Hast Du eventuell Verlängerungs-Kabel für Deine Komponenten verwendet?
Falls ja könnte das ein Grund für den Streik des Netzteils sein. Ich hatte vor kurzem einen "Mainboard-Meltdown", vermutlich wegen der falschen Verlängerungen für meine Grafikkarten. Dabei ist die Hauptplatine stark beschädigt worden und ich bin mittlerweile sicher, dass es an falscher Polung gelegen hat.

Liste doch mal alle Komponenten auf und was Du in letzter Zeit verändert hast.

Viele Grüße

lefskij


----------



## warawarawiiu (26. März 2016)

Hatte das gleiche problem mit meine dp pro 11 850watt.

Schuld war unser strom im haus.

In meiner mietwohnung: kein problem.

Im elternhaus: klackt.....und das wars......

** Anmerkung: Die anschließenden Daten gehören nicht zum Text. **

lemma sg_bilinear: "sg (x + y) z = sg x z + sg y z" "sg (sH c x) z = sC c (sg x z)"
    "sg x (y + z) = sg x y + sg x z" "sg x (sH c y) = sC c (sg x y)"
  using sg_lin bilin_add_scale[of sH sH sC sg] by auto

lemma act_bilinear: "act (x + y) z = act x z + act y z" "act (sH c x) z = sC c (act x z)"
    "act x (b + d) = act x b + act x d" "act x (sC c' b) = sC c' (act x b)"
  using C_mod bilin_add_scale[of sH sC sC act] unfolding weak_hom_module_algebra_def by auto

lemma al_linear: "al (x + y) = al x + al y" "al (sH c x) = sH c (al x)"
  using H_alg linear_add_scale[of sH sH al] unfolding hom_algebra_def by auto

lemma be_linear: "be (x + y) = be x + be y" "be (sC c x) = sC c (be x)"
  using C_alg linear_add_scale[of sC sC be] unfolding hom_algebra_def by auto

lemma linear_form_eH: "linear_form sH eH"
  using H_coalg lins_iff_linear_form[OF vH] unfolding hom_coalgebra_def by auto

lemmas eH_linear = linear_formD[OF linear_form_eH]

lemma bij_al: "bij al" and al_mult: "al (mH x y) = mH (al x) (al y)" and al_uH: "al uH = uH"
  and mH_uH_left: "mH uH x = al x"
  using H_alg unfolding hom_algebra_def by auto

lemma bij_be: "bij be" and be_mult: "be (mC x y) = mC (be x) (be y)" and be_uC: "be uC = uC"
  and mC_uC_right: "mC x uC = be x" and mC_uC_left: "mC uC x = be x"
  using C_alg unfolding hom_algebra_def by auto

lemma eH_mult: "eH (mH x y) = eH x * eH y" and eH_uH: "eH uH = 1"
  using H unfolding hom_bialgebra_def by auto

lemma eH_al: "eH (al x) = eH x"
  using H_coalg unfolding hom_coalgebra_def by auto

lemma act_uC: "act h uC = sC (eH h) uC"
  using C_mod unfolding weak_hom_module_algebra_def by auto

lemma alpha_hom: "alpha n (x + y) = alpha n x + alpha n y" "alpha n (sH c x) = sH c (alpha n x)"
    "alpha n (mH x y) = mH (alpha n x) (alpha n y)" "alpha n uH = uH"
  using zpow_hom[of al sH mH uH, OF bij_al al_linear al_mult al_uH] by auto

lemma beta_hom: "beta n (x + y) = beta n x + beta n y" "beta n (sC c x) = sC c (beta n x)"
    "beta n (mC x y) = mC (beta n x) (beta n y)" "beta n uC = uC"
  using zpow_hom[of be sC mC uC, OF bij_be be_linear be_mult be_uC] by auto

lemma alpha_alpha: "alpha a (alpha b x) = alpha (a + b) x"
  using zpow_add[OF bij_al] by blast

lemma al_alpha: "al (alpha n x) = alpha (n + 1) x"
  using zpow_succ[OF bij_al] by metis

lemma alpha_al: "alpha n (al x) = alpha (n + 1) x"
  using zpow_add[OF bij_al, of n 1] zpow_1 by metis

lemma eH_alpha: "eH (alpha n x) = eH x"
proof -
  have eH_inv_al: "eH (inv al y) = eH y" for y
    by (metis bij_al bij_inv_eq_iff eH_al)
  have "\<forall>x. eH (alpha n x) = eH x"
    by (rule zpow_induct[OF bij_al, where P = "\<lambda>g. \<forall>x. eH (g x) = eH x"])
      (simp_all add: eH_al eH_inv_al)
  then show ?thesis by blast
qed

lemmas linear_simps = mH_bilinear mC_bilinear sg_bilinear act_bilinear al_linear be_linear eH_linear
  alpha_hom(1,2) beta_hom(1,2)

lemma teqH_eval: "teq TH xs ys \<Longrightarrow> bilinear_form sH sH F \<Longrightarrow> tensor_eval F xs = tensor_eval F ys"
  using tensor_eval_eq_if_teq[OF vH vH] by blast

lemma teqX_iff: "teq TX xs ys \<longleftrightarrow> (\<forall>F. bilinear_form sC sH F \<longrightarrow> tensor_eval F xs = tensor_eval F ys)"
  using teq_tprod_iff[OF vC vH] .

lemma teqX_eval: "teq TX xs ys \<Longrightarrow> bilinear_form sC sH F \<Longrightarrow> tensor_eval F xs = tensor_eval F ys"
  using teqX_iff by blast

lemma eval_Delta_linear:
  assumes "bilinear_form sH sH F"
  shows "tensor_eval F (DH (x + y)) = tensor_eval F (DH x) + tensor_eval F (DH y)"
    "tensor_eval F (DH (sH c x)) = c * tensor_eval F (DH x)"
proof -
  have "teq TH (DH (x + y)) (DH x @ DH y)"
    "teq TH (DH (sH c x)) (map (\<lambda>(p, q). (sH c p, q)) (DH x))"
    using H_coalg unfolding hom_coalgebra_def by auto
  then show "tensor_eval F (DH (x + y)) = tensor_eval F (DH x) + tensor_eval F (DH y)"
    "tensor_eval F (DH (sH c x)) = c * tensor_eval F (DH x)"
    using teqH_eval[OF _ assms] by (simp_all add: bilinear_formD[OF assms])
qed

definition linear_comultiplicative :: "('h \<Rightarrow> 'h) \<Rightarrow> bool" where
  "linear_comultiplicative g \<longleftrightarrow>
    (\<forall>x y. g (x + y) = g x + g y) \<and> (\<forall>c x. g (sH c x) = sH c (g x)) \<and>
    (\<forall>F h. bilinear_form sH sH F \<longrightarrow>
      tensor_eval F (DH (g h)) = tensor_eval (\<lambda>p q. F (g p) (g q)) (DH h))"

lemma linear_comultiplicative_comp:
  assumes f: "linear_comultiplicative f" and g: "linear_comultiplicative g"
  shows "linear_comultiplicative (\<lambda>x. f (g x))"
  unfolding linear_comultiplicative_def
proof (intro conjI allI impI)
  fix F h assume F: "bilinear_form sH sH F"
  have "f (x + y) = f x + f y" "f (sH c x) = sH c (f x)" for x y c
    using f unfolding linear_comultiplicative_def by simp_all
  then have "bilinear_form sH sH (\<lambda>p q. F (f p) (f q))"
    by (intro bilinear_form_compose[OF F])
  then show "tensor_eval F (DH (f (g h))) = tensor_eval (\<lambda>p q. F (f (g p)) (f (g q))) (DH h)"
    using f g F unfolding linear_comultiplicative_def by simp
qed (use f g in \<open>simp_all add: linear_comultiplicative_def\<close>)

lemma linear_comultiplicative_al: "linear_comultiplicative al"
proof -
  have Delta_al: "teq TH (DH (al h)) (map (\<lambda>(p, q). (al p, al q)) (DH h))" for h
    using H_coalg unfolding hom_coalgebra_def by auto
  have "tensor_eval F (DH (al h)) = tensor_eval (\<lambda>p q. F (al p) (al q)) (DH h)"
    if "bilinear_form sH sH F" for F h
    using teqH_eval[OF Delta_al that] by simp
  then show ?thesis unfolding linear_comultiplicative_def by (simp add: al_linear)
qed

lemma linear_comultiplicative_inv_al: "linear_comultiplicative (inv al)"
proof -
  have inv_al: "inv al (x + y) = inv al x + inv al y" "inv al (sH c x) = sH c (inv al x)" for x y c
    using inv_hom2[of al "(+)", OF bij_al al_linear(1)] inv_commute[of al "sH c", OF bij_al al_linear(2)]
    by blast+
  have "tensor_eval F (DH (inv al h)) = tensor_eval (\<lambda>p q. F (inv al p) (inv al q)) (DH h)"
    if F: "bilinear_form sH sH F" for F h
  proof -
    define F' where "F' p q = F (inv al p) (inv al q)" for p q
    have F': "bilinear_form sH sH F'"
      unfolding F'_def by (rule bilinear_form_compose[OF F]) (simp_all add: inv_al)
    have "tensor_eval F (DH (inv al h)) = tensor_eval (\<lambda>p q. F' (al p) (al q)) (DH (inv al h))"
      using bij_al by (simp add: F'_def bij_is_inj)
    also have "\<dots> = tensor_eval F' (DH (al (inv al h)))"
      using linear_comultiplicative_al F' unfolding linear_comultiplicative_def by simp
    also have "\<dots> = tensor_eval F' (DH h)"
      using bij_al by (simp add: bij_is_surj surj_f_inv_f)
    finally show ?thesis unfolding F'_def .
  qed
  then show ?thesis unfolding linear_comultiplicative_def using inv_al by simp
qed

lemma eval_Delta_alpha:
  assumes "bilinear_form sH sH F"
  shows "tensor_eval F (DH (alpha n h)) = tensor_eval (\<lambda>p q. F (alpha n p) (alpha n q)) (DH h)"
proof -
  have "linear_comultiplicative (alpha n)"
  proof (rule zpow_induct[OF bij_al])
    show "linear_comultiplicative id" by (simp add: linear_comultiplicative_def)
  qed (use linear_comultiplicative_comp linear_comultiplicative_al linear_comultiplicative_inv_al in blast)+
  then show ?thesis using assms unfolding linear_comultiplicative_def by blast
qed

lemma eval_Delta_uH: "bilinear_form sH sH F \<Longrightarrow> tensor_eval F (DH uH) = F uH uH"
  using H teqH_eval[of "DH uH" "[(uH, uH)]"] unfolding hom_bialgebra_def by auto

lemma eval_Delta_counit:
  assumes f: "linear_form sH f"
  shows "tensor_eval (\<lambda>p q. eH p * f q) (DH h) = f (alpha (-1) h)"
    "tensor_eval (\<lambda>p q. eH q * f p) (DH h) = f (alpha (-1) h)"
proof -
  have counit: "sum_list [sH (eH p) q. (p, q) \<leftarrow> DH h] = inv al h"
    "sum_list [sH (eH q) p. (p, q) \<leftarrow> DH h] = inv al h"
    using H_coalg unfolding hom_coalgebra_def by auto
  have "f (sum_list (map (\<lambda>(p, q). sH (eH p) q) xs)) = tensor_eval (\<lambda>p q. eH p * f q) xs"
    "f (sum_list (map (\<lambda>(p, q). sH (eH q) p) xs)) = tensor_eval (\<lambda>p q. eH q * f p) xs" for xs
    by (induction xs) (auto simp: linear_formD[OF f] linear_form_zero[OF f])
  from this[of "DH h"] show "tensor_eval (\<lambda>p q. eH p * f q) (DH h) = f (alpha (-1) h)"
    "tensor_eval (\<lambda>p q. eH q * f p) (DH h) = f (alpha (-1) h)"
    unfolding counit by (simp_all add: zpow_minus_1)
qed


lemma tensor_eval_xi: "tensor_eval F (xi xs) = tensor_eval (\<lambda>c q. F (be c) (al q)) xs"
  unfolding xiX_def xi1_def by simp

lemma tensor_eval_mult_left:
  "tensor_eval F (mu x y) = tensor_eval (\<lambda>a h. tensor_eval F (mu [(a, h)] y)) x"
  unfolding multX_def by simp

lemma tensor_eval_mult_right:
  "tensor_eval (F :: 'c \<Rightarrow> 'h \<Rightarrow> 'k) (mu z y) = tensor_eval (\<lambda>b g. tensor_eval F (mu z [(b, g)])) y"
  unfolding multX_def by (simp add: tensor_eval_swap[of _ y z])

lemma mult_teq_left:
  assumes "teq TX y y'"
  shows "teq TX (mu y z) (mu y' z)"
  unfolding teqX_iff
proof (intro allI impI)
  fix F assume F: "bilinear_form sC sH F"
  have "bilinear_form sC sH (\<lambda>a h. tensor_eval F (mu [(a, h)] z))"
    unfolding multX_def
    by (simp add: bilinear_form_def linear_form_def linear_simps bilinear_formD[OF F] eval_Delta_linear)
  then show "tensor_eval F (mu y z) = tensor_eval F (mu y' z)"
    by (subst (1 2) tensor_eval_mult_left) (rule teqX_eval[OF assms])
qed

lemma mult_teq_right:
  assumes "teq TX y y'"
  shows "teq TX (mu z y) (mu z y')"
  unfolding teqX_iff
proof (intro allI impI)
  fix F assume F: "bilinear_form sC sH F"
  have "bilinear_form sC sH (\<lambda>b g. tensor_eval F (mu z [(b, g)]))"
    unfolding multX_def
    by (simp add: bilinear_form_def linear_form_def linear_simps bilinear_formD[OF F] eval_Delta_linear)
  then show "tensor_eval F (mu z y) = tensor_eval F (mu z y')"
    by (subst (1 2) tensor_eval_mult_right) (rule teqX_eval[OF assms])
qed

lemma mult_uC_right:
  "teq TX (mu [(a, h)] [(uC, g)])
     [(mC a (be (sg (alpha k h1) (alpha k g1))), al (mH h2 g2)). (h1, h2) \<leftarrow> DH h, (g1, g2) \<leftarrow> DH g]"
  unfolding teqX_iff
proof (intro allI impI)
  fix F assume F: "bilinear_form sC sH F"
  have "tensor_eval F (mu [(a, h)] [(uC, g)]) =
    tensor_eval (\<lambda>h1 h2. tensor_eval (\<lambda>p1 p2. eH p1 * tensor_eval (\<lambda>g1 g2.
      F (mC a (be (sg (alpha (k + 1) p2) (alpha k g1)))) (al (mH h2 g2))) (DH g)) (DH h1)) (DH h)"
    unfolding multX_def
    by (simp add: beta_hom act_uC eH_alpha mC_bilinear mC_uC_left bilinear_formD[OF F])
  also have "\<dots> = tensor_eval (\<lambda>h1 h2. tensor_eval (\<lambda>g1 g2.
      F (mC a (be (sg (alpha (k + 1) (alpha (-1) h1)) (alpha k g1)))) (al (mH h2 g2))) (DH g)) (DH h)"
    by (simp add: eval_Delta_counit linear_form_def linear_simps bilinear_formD[OF F])
  finally show "tensor_eval F (mu [(a, h)] [(uC, g)]) = tensor_eval F
     [(mC a (be (sg (alpha k h1) (alpha k g1))), al (mH h2 g2)). (h1, h2) \<leftarrow> DH h, (g1, g2) \<leftarrow> DH g]"
    by (simp add: alpha_alpha)
qed

lemma bilinear_form_counit_right: "linear_form sC G \<Longrightarrow> bilinear_form sC sH (\<lambda>c q. G c * eH q)"
  by (auto simp: bilinear_form_def linear_form_def eH_linear algebra_simps)

lemma sigma_hom_shifted:
  "be (be (be (sg (alpha (k - 1) h) (alpha (k - 1) l)))) = be (be (sg (alpha k h) (alpha k l)))"
proof (rule linear_forms_separate[OF vC])
  fix G assume G: "linear_form sC G"
  let ?P = "\<lambda>c q. G c * eH q"
  have P: "bilinear_form sC sH ?P" by (rule bilinear_form_counit_right[OF G])
  have P_xi: "bilinear_form sC sH (\<lambda>c q. ?P (be c) (al q))"
    using G by (auto simp: bilinear_form_def linear_form_def eH_linear be_linear eH_al algebra_simps)
  have ac: "x * (eH a * eH b) = eH a * (eH b * x)" for x a b by (simp add: ac_simps)
  have "tensor_eval ?P (xi (mu [(uC, h)] [(uC, l)])) = tensor_eval (\<lambda>h1 h2. eH h2 *
      tensor_eval (\<lambda>l1 l2. eH l2 * G (be (be (be (sg (alpha k h1) (alpha k l1)))))) (DH l)) (DH h)"
    unfolding tensor_eval_xi teqX_eval[OF mult_uC_right P_xi] by (simp add: mC_uC_left eH_al eH_mult ac)
  also have "\<dots> = G (be (be (be (sg (alpha k (alpha (-1) h)) (alpha k (alpha (-1) l))))))"
    by (simp add: eval_Delta_counit linear_form_def linear_simps linear_formD[OF G])
  finally have lhs: "tensor_eval ?P (xi (mu [(uC, h)] [(uC, l)])) =
      G (be (be (be (sg (alpha (k - 1) h) (alpha (k - 1) l)))))"
    by (simp add: alpha_alpha)
  have "tensor_eval ?P (mu (xi [(uC, h)]) (xi [(uC, l)])) = tensor_eval (\<lambda>h1 h2. eH h2 *
      tensor_eval (\<lambda>l1 l2. eH l2 * G (be (be (sg (alpha k h1) (alpha k l1))))) (DH (al l))) (DH (al h))"
    unfolding xiX_def xi1_def using teqX_eval[OF mult_uC_right P]
    by (simp add: mC_uC_left eH_al eH_mult ac be_uC)
  also have "\<dots> = G (be (be (sg (alpha k (alpha (-1) (al h))) (alpha k (alpha (-1) (al l))))))"
    by (simp add: eval_Delta_counit linear_form_def linear_simps linear_formD[OF G])
  finally have rhs: "tensor_eval ?P (mu (xi [(uC, h)]) (xi [(uC, l)])) =
      G (be (be (sg (alpha k h) (alpha k l))))"
    by (simp add: alpha_alpha alpha_al)
  show "G (be (be (be (sg (alpha (k - 1) h) (alpha (k - 1) l))))) =
      G (be (be (sg (alpha k h) (alpha k l))))"
    using teqX_eval[OF X_mult P] lhs rhs by simp
qed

Loesung: keine richtige..........in meiner mietwohnung gehts ja problemlos, nur im elternhais zickt es rum.


Fazit im thread damals war, dass die leitungen vom hais mal gevheckt werden sollten und dass eine Unterbrevhu gsfreie Steomversorgung evt. den strom aufbereiten koennte......hab ich dann aber nie probiert....nutz den pc eh kaum.


----------



## azzih (27. März 2016)

Klingt nach defektem Netzteil. Zurückgeben oder umtauschen.


----------



## Stefan Payne (28. März 2016)

@azzih
Die Beschreibung von warawarawiiu ist doch eindeutig, das Netzteil völlig OK.
Wie zur Hölle kommst du drauf zu empfehlen, das Netzteil umzutauschen?!
Es funktioniert doch einwandfrei in seiner neuen Wohnung!

Das Problem hier sind mal wieder die Sicherungen, hier ist es nicht unwahrscheinlich, dass in seinem Elternhaus veraltete H(ausbrand) Typen verbaut sind. Mit Glück sogar L-Typen - und die sind seit mindestens 25 Jahren verboten!

Aus dem Grunde habe ich auch in meiner Hütte die Sicherungen ausgetauscht bzw austauschen lassen. Seit dem hab ich auch keine Probleme mehr mit rausfliegenden Sicherungen. Sogar mit 2-3 Rechnern und mehreren Bildschirmen nicht.

Nicht immer ist das Netzteil Schuld. 
Auch wenn be quiet drauf steht.

Daher find ich, dass deine Antwort eine bodenlose Frechheit ist.
Egal, auf wen du geantwortet hast...



mitchie0815 schrieb:


> Hallo,
> 
> heute startete mein PC urplötzlich nicht mehr, im Moment des Einschaltens macht es "klack" und das wars.
> Ich habe alles abgeklemmt bis aufs Mainboard, keine Änderung.
> ...


Klingt nach Kurschluss.

Als erstes solltest du die Kabel austauschen, durch die beim Netzteil beiliegenden und nicht irgendwelche Netzteilfremden Kabel verwenden!


----------